▸ Supplied material:
····················

lemma variety_iff_J_subset_cell:
  assumes "u \<in> Lang \<theta> (sum_list P)" "j \<le> length P"
  shows "u \<in> variety j \<longleftrightarrow> J \<theta> u \<subseteq> cell j"
proof -
  obtain n where u: "u = factor_at \<theta> (sum_list P) n"
    using assms(1) by (auto simp: Lang_def)
  have J: "J \<theta> u = {x \<in> {0..<1}. itinerary \<theta> (sum_list P) x = u}"
    using J_eq_itinerary u by (simp add: factor_at_def)
  show ?thesis
  proof
    assume "u \<in> variety j"
    show "J \<theta> u \<subseteq> cell j"
    proof
      fix x assume "x \<in> J \<theta> u"
      then have x: "x \<in> {0..<1}" "itinerary \<theta> (sum_list P) x = u"
        using J by auto
      obtain i where "i \<le> length P" "x \<in> cell i"
        using ex_cell[OF x(1)] by blast
      moreover have "frac (real n * \<theta>) \<in> cell j"
        using \<open>u \<in> variety j\<close> factor_at_in_variety_iff[OF assms(2)] u by simp
      ultimately show "x \<in> cell j"
        using height_profile_eq_iff_same_cell[of x i _ j] assms(2) x(2) u
        by (metis factor_at_eq_itinerary)
    qed
  next
    assume "J \<theta> u \<subseteq> cell j"
    moreover have "frac (real n * \<theta>) \<in> J \<theta> u"
      using J u by (simp add: factor_at_eq_itinerary frac_lt_1)
    ultimately show "u \<in> variety j"
      using factor_at_in_variety_iff[OF assms(2)] u by auto
  qed
qed

end

theorem mainTheorem8:
  fixes \<theta> :: real and m k :: nat and P :: "nat list"
    and lam :: "nat \<Rightarrow> bool list set"
  assumes irr: "\<theta> \<notin> \<rat>" and th0: "0 < \<theta>" and th1: "\<theta> < 1"
    and k1: "1 \<le> k" and km: "k \<le> m"
    and lenP: "length P = k" and posP: "\<forall>p \<in> set P. 0 < p" and sumP: "sum_list P = m"
    and lam_bij: "bij_betw lam {0..k} (varieties \<theta> m P)"
    and lam_ord: "\<forall>i j u w. i < j \<and> j \<le> k \<and> u \<in> lam i \<and> w \<in> lam j \<longrightarrow> lex_less u w"
  shows "\<forall>j \<le> k.
           (\<forall>u \<in> Lang \<theta> m. u \<in> lam j \<longleftrightarrow> J \<theta> u \<subseteq> {qpts \<theta> P j..<qpts \<theta> P (j + 1)})
         \<and> (\<forall>n. factor_at \<theta> m n \<in> lam j \<longleftrightarrow>
                 frac (real n * \<theta>) \<in> {qpts \<theta> P j..<qpts \<theta> P (j + 1)})
         \<and> ((\<lambda>N. real (occ_count \<theta> m (lam j) N) / real N)
              \<longlonglongrightarrow> qpts \<theta> P (j + 1) - qpts \<theta> P j)"
proof -
  interpret sturmian_partition \<theta> P
    using irr th0 th1 posP by unfold_locales
  have lam_eq: "lam j = variety j" if "j \<le> k" for j
  proof (rule ordered_enumerations_eq[where R = lex_less, OF lam_bij _ _ lex_less_asym _ _ that])
    show "bij_betw variety {0..k} (varieties \<theta> m P)"
      using bij_betw_variety lenP sumP by simp
    show "A \<noteq> {}" if "A \<in> varieties \<theta> m P" for A
      using that variety_nonempty lenP sumP by (force simp: varieties_eq)
  qed (use lam_ord variety_lex_ordered lenP in blast)+
  have occ_count_eq: "occ_count \<theta> m (variety j) N = card {n. n + m \<le> N \<and> frac (real n * \<theta>) \<in> cell j}"
    if "j \<le> k" for j N
    using factor_at_in_variety_iff that lenP sumP by (simp add: occ_count_def)
  show ?thesis
    using lam_eq occ_count_eq variety_iff_J_subset_cell factor_at_in_variety_iff cell_frequency lenP sumP
    by (simp add: cell_def)
qed

end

····················

What is the number of lines in the preceding entries that hold the string "qpts"? Give it alone.

3